А Кирюшка почему-то принялся ревновать ее по-черному — ко всем подряд и ко всему подряд. Полина удивлялась: да какие у него на это права? Он сам, по доброй воле, все загубил, давно все прошло и быльем поросло. Уже и после отъезда "гениальных" поэтесс прошло два года. Неужели он не понимает, что они разные и чужие теперь люди? Но Кирюшка точно сбрендил: мало того, что следил везде за Полиной, так стал еще рассказывать всем подряд, как он любит ее, и что она его жена, что он живет с ней и что все у них хорошо — это все, чтобы возможных соперников отвадить; и что он никого к ней не подпустит, убьет каждого, — в общем, нес страшную ахинею, в которую между тем кое-кто верил.

Никто, кроме Кирюшки (да и тот с великого перепоя), к Полине с ухаживаниями и не подъезжал — некому было; жила она одиноко и почти замкнуто, но, когда до нее стали доходить слухи о Кирюшкиных россказнях, она вознегодовала и при первом же случае выкрикнула ему все, что о нем думала, запретив ему к ней даже приближаться, а тем более, распускать свой поганый язык. Но Кирюшка будто не слышал, и вот снова он сидит напротив нее, словно грозный муж, и всем видом своим показывает, как он ненавидит ее за ее веселость и общительность, и как она оскорбляет его, в глазах всех, своим легкомысленным поведением, за которое надо наказывать. Полина Кирюшку "в упор не видела", чтобы хоть как-то охолодить его, — иной тактики против упрямца она придумать не могла, но Кирюшка был реален и, сидя напротив, испепелял ее злыми глазами.

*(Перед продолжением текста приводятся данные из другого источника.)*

definition simple_graph :: "'a set \<Rightarrow> ('a \<Rightarrow> 'a \<Rightarrow> bool) \<Rightarrow> bool" where
  "simple_graph V E \<longleftrightarrow> finite V \<and> (\<forall>u v. E u v \<longrightarrow> u \<in> V \<and> v \<in> V)
     \<and> (\<forall>u v. E u v \<longrightarrow> E v u) \<and> (\<forall>v. \<not> E v v)"

definition path_decomposition :: "'a set \<Rightarrow> ('a \<Rightarrow> 'a \<Rightarrow> bool) \<Rightarrow> 'a set list \<Rightarrow> bool" where
  "path_decomposition V E B \<longleftrightarrow>
     (\<forall>i<length B. B ! i \<subseteq> V)
   \<and> (\<forall>v\<in>V. \<exists>i<length B. v \<in> B ! i)
   \<and> (\<forall>u v. E u v \<longrightarrow> (\<exists>i<length B. u \<in> B ! i \<and> v \<in> B ! i))
   \<and> (\<forall>v i j k. i \<le> j \<and> j \<le> k \<and> k < length B \<and> v \<in> B ! i \<and> v \<in> B ! k \<longrightarrow> v \<in> B ! j)"

text \<open>Width of a decomposition = max bag size minus one; pathwidth = minimum width.
  So "pathwidth at most k" means some path decomposition has all bags of size at most k+1.\<close>
definition pathwidth_le :: "'a set \<Rightarrow> ('a \<Rightarrow> 'a \<Rightarrow> bool) \<Rightarrow> nat \<Rightarrow> bool" where
  "pathwidth_le V E k \<longleftrightarrow>
     (\<exists>B. path_decomposition V E B \<and> (\<forall>X\<in>set B. card X \<le> k + 1))"

text \<open>Induced matchings as ({1},N)-dominating sets: every vertex of D has exactly one neighbour in D.\<close>
definition induced_matchings :: "'a set \<Rightarrow> ('a \<Rightarrow> 'a \<Rightarrow> bool) \<Rightarrow> 'a set set" where
  "induced_matchings V E = {D. D \<subseteq> V \<and> (\<forall>v\<in>D. card {u\<in>D. E v u} = 1)}"

end

theory Submission
  imports Defs
begin

text \<open>A graph of pathwidth at most 2 is 2-degenerate: in any vertex subset, the vertex whose last
  bag comes first has all its neighbours in that bag of size at most 3. An induced matching either
  avoids a vertex x or matches it to a neighbour u, and then contains no other neighbour of x or u;
  hence IM(G) \<le> IM(G - x) + sum over u of IM(G - N(x) - N(u)). Branching in this way at a vertex of
  degree at most 2 (looking one step further when it lies in a triangle with another vertex of
  degree 2) deletes enough vertices in every branch for the bound c^n with c^3 = 4 to survive
  induction on n. An isolated triangle makes the recurrence tight, 4 c^(n-3) = c^n, and K3 itself
  attains it.\<close>

definition nbhd :: "'a set \<Rightarrow> ('a \<Rightarrow> 'a \<Rightarrow> bool) \<Rightarrow> 'a \<Rightarrow> 'a set" where
  "nbhd W E v = {u \<in> W. E v u}"

definition degenerate :: "'a set \<Rightarrow> ('a \<Rightarrow> 'a \<Rightarrow> bool) \<Rightarrow> nat \<Rightarrow> bool" where
  "degenerate V E k \<longleftrightarrow> (\<forall>W \<subseteq> V. W \<noteq> {} \<longrightarrow> (\<exists>v\<in>W. card (nbhd W E v) \<le> k))"

lemma nbhd_Diff_singleton: "nbhd (W - {y}) E x = nbhd W E x - {y}"
  unfolding nbhd_def by auto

За столом было весело: такого количества поэтов сразу общага никогда не видела, не видели и сами участники пиршества. Поэтому водка (без закуски) лилась рекой, стаканы ходили по кругу, произносились веселые тосты, читались "по солнышку" стихи; до одури, по очереди, поэты блистали остроумием, пока юмор у всех не иссяк, — опьяняло уже то, что они — братья по крови, все — родня; всех объединяло одно общее дело, знакомое до боли каждому.

Когда очередь дошла до Кирюшки, он принялся читать свои новые стихи, с ненавистью и негодованием обращаясь прямо к Полине. Она знала, что они были посвящены ей. Но почему он, за девять лет их знакомства ни разу не посвятивший ей ни одного четверостишия, в этом году вдруг разразился сразу серией пышущих ненавистью к ней стихов? Полина только удивлялась: за что? Отчего? Ведь их давно ничто не связывает! И наконец догадалась, что это плоды той ненависти, которую посеяли в Кирюхе его "гениальные" подружки из Питера. Что ж, всходы плевел были густыми, но губили они только самого Кирюшку, разъедая изнутри и заставляя выставляться сейчас на всеобщее посмешище. Вот и Полина только посмеялась, перемигнувшись с поэтесками, которым смысл яростно читаемых Кирюшкой посланий был ясен.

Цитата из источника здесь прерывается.